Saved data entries
<<<<
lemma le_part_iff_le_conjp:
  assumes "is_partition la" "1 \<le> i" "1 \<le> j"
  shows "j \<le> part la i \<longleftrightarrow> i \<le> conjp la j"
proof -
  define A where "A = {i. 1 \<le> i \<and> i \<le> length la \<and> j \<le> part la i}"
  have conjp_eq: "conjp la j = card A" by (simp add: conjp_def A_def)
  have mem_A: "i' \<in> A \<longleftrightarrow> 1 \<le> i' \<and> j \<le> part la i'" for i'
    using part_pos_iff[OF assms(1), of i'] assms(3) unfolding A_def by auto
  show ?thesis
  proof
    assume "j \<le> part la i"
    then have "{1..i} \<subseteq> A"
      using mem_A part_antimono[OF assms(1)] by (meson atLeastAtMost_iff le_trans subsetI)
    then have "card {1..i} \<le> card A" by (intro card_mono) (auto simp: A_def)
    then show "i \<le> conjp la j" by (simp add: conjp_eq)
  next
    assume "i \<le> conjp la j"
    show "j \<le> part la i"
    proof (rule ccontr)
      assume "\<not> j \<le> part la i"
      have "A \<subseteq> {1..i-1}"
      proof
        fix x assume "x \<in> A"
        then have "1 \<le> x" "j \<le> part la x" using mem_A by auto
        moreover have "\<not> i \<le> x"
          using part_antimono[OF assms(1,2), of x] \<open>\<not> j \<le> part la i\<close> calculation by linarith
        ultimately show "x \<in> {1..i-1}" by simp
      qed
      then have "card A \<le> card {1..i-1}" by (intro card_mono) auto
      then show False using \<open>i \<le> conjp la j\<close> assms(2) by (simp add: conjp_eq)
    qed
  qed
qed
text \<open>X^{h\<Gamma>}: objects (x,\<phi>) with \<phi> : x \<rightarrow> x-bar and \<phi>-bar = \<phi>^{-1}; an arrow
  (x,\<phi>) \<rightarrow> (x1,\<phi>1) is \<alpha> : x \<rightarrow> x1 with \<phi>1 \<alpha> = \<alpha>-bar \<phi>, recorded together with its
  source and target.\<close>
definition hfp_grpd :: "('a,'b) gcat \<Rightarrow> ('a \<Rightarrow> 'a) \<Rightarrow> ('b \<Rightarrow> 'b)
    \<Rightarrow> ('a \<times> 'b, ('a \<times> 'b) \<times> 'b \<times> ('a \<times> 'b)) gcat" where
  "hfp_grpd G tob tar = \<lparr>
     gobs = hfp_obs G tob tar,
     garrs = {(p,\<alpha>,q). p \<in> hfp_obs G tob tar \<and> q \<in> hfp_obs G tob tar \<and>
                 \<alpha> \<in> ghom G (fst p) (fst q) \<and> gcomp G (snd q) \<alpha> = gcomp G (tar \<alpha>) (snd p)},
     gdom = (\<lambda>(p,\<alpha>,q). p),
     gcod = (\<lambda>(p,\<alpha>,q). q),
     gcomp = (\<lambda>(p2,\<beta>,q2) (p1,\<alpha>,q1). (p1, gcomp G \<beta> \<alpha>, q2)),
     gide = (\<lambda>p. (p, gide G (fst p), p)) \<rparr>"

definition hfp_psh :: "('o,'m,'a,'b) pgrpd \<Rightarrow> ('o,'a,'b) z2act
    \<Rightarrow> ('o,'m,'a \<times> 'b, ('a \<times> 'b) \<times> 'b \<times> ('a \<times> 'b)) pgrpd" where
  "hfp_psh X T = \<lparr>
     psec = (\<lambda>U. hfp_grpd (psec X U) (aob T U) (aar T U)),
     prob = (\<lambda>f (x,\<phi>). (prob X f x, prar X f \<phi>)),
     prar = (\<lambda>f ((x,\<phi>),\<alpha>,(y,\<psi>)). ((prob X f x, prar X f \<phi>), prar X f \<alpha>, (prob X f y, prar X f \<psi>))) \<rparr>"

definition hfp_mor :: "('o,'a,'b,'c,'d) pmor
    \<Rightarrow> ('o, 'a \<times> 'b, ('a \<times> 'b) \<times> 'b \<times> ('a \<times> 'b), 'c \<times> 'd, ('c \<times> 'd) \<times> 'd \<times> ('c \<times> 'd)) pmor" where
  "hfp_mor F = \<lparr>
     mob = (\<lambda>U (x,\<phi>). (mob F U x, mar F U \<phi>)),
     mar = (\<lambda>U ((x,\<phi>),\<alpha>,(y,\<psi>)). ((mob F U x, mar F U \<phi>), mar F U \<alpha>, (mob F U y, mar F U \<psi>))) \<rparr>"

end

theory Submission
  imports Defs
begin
>>>>
<<<<
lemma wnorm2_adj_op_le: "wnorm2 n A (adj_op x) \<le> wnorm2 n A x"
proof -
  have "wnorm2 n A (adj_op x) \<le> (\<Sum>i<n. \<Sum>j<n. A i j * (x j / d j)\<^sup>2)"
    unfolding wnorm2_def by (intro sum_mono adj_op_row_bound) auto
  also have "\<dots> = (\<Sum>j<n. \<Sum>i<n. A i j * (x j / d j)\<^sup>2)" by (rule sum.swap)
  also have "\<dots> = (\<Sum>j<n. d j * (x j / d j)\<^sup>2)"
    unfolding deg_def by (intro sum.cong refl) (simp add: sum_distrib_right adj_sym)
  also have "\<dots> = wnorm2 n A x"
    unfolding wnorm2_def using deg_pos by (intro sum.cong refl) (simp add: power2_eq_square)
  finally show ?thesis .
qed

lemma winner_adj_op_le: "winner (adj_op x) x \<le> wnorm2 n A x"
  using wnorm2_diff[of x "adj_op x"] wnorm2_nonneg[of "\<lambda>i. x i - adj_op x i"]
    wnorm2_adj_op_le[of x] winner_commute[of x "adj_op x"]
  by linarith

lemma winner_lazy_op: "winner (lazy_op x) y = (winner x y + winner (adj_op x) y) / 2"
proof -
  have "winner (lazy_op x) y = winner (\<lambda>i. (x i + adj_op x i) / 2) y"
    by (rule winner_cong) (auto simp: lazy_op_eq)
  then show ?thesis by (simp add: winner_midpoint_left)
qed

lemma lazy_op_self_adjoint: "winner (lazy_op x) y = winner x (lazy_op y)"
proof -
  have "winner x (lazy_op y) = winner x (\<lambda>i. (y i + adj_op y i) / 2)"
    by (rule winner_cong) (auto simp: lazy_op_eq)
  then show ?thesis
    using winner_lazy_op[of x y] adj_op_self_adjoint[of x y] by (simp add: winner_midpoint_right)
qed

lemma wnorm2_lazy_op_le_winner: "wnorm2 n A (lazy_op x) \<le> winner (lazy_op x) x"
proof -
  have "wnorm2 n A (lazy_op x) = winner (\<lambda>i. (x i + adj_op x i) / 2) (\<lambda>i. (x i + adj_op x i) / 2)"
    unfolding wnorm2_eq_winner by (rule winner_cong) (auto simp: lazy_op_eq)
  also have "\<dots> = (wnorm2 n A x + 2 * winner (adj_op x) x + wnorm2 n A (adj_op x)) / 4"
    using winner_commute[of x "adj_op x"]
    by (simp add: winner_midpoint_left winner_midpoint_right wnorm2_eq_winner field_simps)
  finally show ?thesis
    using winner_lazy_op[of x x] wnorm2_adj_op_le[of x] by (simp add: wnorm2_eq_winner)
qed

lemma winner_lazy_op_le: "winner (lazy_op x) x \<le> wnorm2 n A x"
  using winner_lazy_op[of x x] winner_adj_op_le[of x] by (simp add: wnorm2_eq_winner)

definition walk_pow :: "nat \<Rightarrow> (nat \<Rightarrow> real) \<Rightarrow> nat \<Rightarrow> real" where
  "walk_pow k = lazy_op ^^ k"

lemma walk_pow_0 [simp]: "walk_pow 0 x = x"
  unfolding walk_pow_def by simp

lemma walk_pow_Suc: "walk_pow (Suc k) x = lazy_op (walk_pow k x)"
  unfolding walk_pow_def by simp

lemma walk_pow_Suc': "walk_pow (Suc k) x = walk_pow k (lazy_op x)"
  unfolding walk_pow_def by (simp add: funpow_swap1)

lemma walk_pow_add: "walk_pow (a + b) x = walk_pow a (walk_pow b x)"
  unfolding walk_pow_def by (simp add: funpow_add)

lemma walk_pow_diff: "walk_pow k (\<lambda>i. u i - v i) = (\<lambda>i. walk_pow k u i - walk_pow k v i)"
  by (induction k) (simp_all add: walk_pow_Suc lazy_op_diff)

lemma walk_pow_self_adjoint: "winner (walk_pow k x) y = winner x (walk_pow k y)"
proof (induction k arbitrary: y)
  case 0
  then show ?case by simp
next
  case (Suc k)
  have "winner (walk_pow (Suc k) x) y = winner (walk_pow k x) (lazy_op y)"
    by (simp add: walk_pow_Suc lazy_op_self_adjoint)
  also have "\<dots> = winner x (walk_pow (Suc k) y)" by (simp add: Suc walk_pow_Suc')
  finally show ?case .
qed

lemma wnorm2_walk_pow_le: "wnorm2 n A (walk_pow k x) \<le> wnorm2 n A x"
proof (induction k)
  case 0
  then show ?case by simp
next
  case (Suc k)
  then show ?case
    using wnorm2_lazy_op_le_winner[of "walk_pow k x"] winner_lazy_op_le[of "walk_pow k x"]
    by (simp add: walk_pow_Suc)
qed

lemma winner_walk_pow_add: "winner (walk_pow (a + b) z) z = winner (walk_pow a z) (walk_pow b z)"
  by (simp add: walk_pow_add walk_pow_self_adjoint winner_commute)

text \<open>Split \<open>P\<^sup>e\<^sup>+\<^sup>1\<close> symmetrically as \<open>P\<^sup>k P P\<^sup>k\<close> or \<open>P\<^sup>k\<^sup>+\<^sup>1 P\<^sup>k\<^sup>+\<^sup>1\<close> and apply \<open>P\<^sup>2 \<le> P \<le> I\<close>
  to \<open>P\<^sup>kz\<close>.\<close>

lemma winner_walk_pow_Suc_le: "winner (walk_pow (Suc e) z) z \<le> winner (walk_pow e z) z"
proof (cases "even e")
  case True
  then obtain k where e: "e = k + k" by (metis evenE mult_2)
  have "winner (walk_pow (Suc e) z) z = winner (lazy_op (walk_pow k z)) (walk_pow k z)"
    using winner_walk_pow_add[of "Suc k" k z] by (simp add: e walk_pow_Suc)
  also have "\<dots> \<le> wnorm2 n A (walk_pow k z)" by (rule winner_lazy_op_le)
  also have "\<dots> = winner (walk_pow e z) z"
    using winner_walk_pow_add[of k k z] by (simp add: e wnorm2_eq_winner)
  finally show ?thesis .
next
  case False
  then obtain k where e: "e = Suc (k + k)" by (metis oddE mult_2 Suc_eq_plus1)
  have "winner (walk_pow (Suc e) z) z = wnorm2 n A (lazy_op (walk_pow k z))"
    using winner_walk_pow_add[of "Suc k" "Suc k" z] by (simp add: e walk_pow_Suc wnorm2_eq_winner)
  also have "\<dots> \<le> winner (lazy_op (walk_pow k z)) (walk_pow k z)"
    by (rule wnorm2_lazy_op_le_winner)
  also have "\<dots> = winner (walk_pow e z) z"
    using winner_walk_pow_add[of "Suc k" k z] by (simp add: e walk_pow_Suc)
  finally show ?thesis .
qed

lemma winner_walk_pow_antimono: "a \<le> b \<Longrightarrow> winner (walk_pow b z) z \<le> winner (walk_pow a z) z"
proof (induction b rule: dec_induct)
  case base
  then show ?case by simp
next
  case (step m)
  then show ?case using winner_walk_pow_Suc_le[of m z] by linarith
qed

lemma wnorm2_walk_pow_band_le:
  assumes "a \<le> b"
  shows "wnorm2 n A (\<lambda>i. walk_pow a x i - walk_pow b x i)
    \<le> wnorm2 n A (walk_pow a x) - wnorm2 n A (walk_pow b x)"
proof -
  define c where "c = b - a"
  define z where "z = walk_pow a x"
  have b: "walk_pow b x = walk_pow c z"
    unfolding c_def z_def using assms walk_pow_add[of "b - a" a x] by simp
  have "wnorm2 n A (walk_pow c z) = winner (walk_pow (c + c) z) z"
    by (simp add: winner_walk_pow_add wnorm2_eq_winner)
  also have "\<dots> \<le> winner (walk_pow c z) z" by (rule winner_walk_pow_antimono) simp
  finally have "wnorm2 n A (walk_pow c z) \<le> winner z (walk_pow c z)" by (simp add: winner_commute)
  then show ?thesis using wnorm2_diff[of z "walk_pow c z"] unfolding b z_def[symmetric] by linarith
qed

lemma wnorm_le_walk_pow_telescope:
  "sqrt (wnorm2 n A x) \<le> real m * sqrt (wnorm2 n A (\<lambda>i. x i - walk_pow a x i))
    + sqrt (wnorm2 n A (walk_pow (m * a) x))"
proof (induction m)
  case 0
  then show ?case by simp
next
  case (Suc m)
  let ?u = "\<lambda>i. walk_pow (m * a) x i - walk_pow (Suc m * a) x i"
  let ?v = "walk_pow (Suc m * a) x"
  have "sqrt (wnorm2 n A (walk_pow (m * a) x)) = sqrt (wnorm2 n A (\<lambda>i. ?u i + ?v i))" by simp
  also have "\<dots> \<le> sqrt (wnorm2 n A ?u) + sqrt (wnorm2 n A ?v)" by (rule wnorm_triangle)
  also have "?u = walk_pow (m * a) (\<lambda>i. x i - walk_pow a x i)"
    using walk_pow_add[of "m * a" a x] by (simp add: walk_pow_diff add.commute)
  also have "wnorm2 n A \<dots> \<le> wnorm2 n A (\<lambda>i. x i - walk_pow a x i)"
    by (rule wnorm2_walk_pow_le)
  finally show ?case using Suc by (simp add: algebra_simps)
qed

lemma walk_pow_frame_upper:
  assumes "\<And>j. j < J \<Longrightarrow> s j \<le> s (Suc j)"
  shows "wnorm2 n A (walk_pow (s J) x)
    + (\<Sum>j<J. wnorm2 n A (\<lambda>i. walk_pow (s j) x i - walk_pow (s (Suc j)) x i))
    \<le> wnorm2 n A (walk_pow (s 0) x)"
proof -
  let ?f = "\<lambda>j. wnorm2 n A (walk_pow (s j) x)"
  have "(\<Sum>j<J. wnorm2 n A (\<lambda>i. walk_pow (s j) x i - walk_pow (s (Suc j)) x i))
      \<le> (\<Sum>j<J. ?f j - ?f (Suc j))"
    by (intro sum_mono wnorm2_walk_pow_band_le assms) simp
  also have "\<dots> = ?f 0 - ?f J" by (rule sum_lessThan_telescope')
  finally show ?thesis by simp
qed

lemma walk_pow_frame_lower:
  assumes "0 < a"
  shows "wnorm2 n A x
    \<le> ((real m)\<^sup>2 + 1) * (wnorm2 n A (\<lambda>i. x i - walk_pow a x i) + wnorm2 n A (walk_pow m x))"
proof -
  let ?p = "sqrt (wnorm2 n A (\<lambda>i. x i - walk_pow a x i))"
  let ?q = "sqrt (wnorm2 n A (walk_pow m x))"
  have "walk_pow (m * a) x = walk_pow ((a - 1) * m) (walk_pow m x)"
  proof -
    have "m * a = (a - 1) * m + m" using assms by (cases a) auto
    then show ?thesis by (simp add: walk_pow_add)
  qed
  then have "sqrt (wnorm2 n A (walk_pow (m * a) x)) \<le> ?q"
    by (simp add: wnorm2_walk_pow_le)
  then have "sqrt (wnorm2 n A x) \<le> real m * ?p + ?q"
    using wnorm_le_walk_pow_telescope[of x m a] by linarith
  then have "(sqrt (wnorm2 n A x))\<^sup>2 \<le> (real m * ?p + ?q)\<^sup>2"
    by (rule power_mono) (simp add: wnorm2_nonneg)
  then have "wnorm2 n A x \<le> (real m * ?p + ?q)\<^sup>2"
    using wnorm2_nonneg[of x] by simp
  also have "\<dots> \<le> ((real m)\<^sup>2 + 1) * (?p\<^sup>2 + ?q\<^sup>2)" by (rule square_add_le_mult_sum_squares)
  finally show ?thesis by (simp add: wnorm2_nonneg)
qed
>>>>
• _Directions for this task_:
Please state how many lines of the data hold the string "cases", with nothing else in your reply.

• _Output for this task_:
2